YOUR INSTRUCTIONS:
When the string "dots" is part of a line below, that line should be copied.

PROVIDED RECORDS:
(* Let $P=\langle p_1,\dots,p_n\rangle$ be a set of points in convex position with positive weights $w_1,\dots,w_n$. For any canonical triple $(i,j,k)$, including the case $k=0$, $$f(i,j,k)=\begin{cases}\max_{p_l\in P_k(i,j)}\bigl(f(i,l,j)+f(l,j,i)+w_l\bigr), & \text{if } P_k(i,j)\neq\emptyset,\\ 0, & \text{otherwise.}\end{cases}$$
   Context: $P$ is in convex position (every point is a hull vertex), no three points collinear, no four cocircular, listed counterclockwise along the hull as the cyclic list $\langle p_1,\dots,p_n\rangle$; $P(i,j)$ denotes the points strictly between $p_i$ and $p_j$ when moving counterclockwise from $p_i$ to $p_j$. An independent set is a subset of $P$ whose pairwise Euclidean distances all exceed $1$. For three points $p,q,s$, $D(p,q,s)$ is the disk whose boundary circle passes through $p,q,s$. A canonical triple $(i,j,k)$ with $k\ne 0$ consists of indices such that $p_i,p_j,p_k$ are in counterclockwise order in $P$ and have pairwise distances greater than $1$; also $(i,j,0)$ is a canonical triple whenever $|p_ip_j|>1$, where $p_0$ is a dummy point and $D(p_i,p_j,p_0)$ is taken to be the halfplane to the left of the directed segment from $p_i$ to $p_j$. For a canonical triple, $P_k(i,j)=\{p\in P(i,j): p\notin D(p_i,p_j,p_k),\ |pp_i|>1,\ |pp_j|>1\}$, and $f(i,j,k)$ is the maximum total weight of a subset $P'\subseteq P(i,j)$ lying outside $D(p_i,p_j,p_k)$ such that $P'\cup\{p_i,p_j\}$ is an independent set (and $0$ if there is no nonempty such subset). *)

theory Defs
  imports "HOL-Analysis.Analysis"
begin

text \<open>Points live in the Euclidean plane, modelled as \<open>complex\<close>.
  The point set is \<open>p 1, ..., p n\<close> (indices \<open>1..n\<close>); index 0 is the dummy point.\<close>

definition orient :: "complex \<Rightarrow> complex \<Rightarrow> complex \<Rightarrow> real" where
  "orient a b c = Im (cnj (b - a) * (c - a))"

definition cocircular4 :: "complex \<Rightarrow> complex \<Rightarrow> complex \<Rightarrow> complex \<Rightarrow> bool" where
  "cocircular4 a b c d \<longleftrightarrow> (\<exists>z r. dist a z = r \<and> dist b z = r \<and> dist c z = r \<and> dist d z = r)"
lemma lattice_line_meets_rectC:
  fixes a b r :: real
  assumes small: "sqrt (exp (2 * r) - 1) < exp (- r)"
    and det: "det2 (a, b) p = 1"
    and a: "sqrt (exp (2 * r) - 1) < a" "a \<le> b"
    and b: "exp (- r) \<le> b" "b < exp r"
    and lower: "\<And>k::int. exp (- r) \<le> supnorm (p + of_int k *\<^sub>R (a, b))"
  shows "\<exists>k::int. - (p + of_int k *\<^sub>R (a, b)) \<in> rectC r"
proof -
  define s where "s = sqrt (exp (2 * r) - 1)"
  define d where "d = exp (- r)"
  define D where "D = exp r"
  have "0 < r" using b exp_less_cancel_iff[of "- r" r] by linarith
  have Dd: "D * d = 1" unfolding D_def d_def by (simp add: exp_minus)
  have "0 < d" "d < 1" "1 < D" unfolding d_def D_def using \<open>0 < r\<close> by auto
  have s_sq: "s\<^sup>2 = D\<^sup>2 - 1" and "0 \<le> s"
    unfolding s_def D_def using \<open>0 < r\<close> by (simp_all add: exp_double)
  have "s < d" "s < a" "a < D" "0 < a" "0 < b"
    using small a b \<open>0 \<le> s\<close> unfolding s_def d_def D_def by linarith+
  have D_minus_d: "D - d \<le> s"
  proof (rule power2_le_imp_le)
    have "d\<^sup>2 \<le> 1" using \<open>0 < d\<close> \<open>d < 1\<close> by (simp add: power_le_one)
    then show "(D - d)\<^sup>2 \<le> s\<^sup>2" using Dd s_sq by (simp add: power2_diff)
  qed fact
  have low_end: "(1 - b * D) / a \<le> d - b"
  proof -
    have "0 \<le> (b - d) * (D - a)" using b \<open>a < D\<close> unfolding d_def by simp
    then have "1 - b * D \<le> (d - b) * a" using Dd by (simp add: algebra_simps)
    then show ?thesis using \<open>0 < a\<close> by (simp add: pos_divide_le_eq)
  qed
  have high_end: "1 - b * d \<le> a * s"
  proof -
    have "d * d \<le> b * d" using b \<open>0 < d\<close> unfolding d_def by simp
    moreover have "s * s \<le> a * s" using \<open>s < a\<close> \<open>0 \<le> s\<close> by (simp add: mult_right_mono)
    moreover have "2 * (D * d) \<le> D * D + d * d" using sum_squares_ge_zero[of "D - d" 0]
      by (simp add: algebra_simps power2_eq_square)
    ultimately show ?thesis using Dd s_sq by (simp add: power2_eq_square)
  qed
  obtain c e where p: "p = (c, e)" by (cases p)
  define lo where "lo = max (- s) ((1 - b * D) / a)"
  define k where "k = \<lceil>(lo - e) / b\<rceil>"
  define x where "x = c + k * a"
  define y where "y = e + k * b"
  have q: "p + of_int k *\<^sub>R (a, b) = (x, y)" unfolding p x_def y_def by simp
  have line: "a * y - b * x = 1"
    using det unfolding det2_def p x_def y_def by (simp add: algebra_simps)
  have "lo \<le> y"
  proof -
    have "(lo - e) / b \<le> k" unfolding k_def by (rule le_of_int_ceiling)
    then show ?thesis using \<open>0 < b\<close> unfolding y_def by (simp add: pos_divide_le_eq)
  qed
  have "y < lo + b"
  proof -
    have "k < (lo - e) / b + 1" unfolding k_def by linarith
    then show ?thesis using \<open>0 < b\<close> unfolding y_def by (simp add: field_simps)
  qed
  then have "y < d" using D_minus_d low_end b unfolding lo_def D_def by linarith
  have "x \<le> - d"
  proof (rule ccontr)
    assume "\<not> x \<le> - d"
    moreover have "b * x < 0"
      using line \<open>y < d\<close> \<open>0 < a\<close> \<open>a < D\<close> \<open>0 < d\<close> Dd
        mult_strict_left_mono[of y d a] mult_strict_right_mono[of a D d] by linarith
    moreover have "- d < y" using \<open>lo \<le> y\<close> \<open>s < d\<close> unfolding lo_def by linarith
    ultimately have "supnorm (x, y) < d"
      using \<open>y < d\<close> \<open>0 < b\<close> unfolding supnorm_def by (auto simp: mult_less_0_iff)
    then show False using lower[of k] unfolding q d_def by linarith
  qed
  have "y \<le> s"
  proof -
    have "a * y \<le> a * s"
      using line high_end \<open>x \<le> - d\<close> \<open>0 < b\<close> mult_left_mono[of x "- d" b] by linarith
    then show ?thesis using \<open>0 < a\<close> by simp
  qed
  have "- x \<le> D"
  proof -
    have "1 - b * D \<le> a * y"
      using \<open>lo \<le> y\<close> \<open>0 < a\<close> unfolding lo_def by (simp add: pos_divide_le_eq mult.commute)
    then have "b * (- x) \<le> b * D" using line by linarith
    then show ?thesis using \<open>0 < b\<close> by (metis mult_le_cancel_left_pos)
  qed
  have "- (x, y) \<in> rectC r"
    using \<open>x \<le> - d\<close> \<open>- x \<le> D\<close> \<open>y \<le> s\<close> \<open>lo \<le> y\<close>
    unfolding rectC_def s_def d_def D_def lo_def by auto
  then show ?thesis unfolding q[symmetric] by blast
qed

RESPONSE TO THE TASK:
(* Let $P=\langle p_1,\dots,p_n\rangle$ be a set of points in convex position with positive weights $w_1,\dots,w_n$. For any canonical triple $(i,j,k)$, including the case $k=0$, $$f(i,j,k)=\begin{cases}\max_{p_l\in P_k(i,j)}\bigl(f(i,l,j)+f(l,j,i)+w_l\bigr), & \text{if } P_k(i,j)\neq\emptyset,\\ 0, & \text{otherwise.}\end{cases}$$
   Context: $P$ is in convex position (every point is a hull vertex), no three points collinear, no four cocircular, listed counterclockwise along the hull as the cyclic list $\langle p_1,\dots,p_n\rangle$; $P(i,j)$ denotes the points strictly between $p_i$ and $p_j$ when moving counterclockwise from $p_i$ to $p_j$. An independent set is a subset of $P$ whose pairwise Euclidean distances all exceed $1$. For three points $p,q,s$, $D(p,q,s)$ is the disk whose boundary circle passes through $p,q,s$. A canonical triple $(i,j,k)$ with $k\ne 0$ consists of indices such that $p_i,p_j,p_k$ are in counterclockwise order in $P$ and have pairwise distances greater than $1$; also $(i,j,0)$ is a canonical triple whenever $|p_ip_j|>1$, where $p_0$ is a dummy point and $D(p_i,p_j,p_0)$ is taken to be the halfplane to the left of the directed segment from $p_i$ to $p_j$. For a canonical triple, $P_k(i,j)=\{p\in P(i,j): p\notin D(p_i,p_j,p_k),\ |pp_i|>1,\ |pp_j|>1\}$, and $f(i,j,k)$ is the maximum total weight of a subset $P'\subseteq P(i,j)$ lying outside $D(p_i,p_j,p_k)$ such that $P'\cup\{p_i,p_j\}$ is an independent set (and $0$ if there is no nonempty such subset). *)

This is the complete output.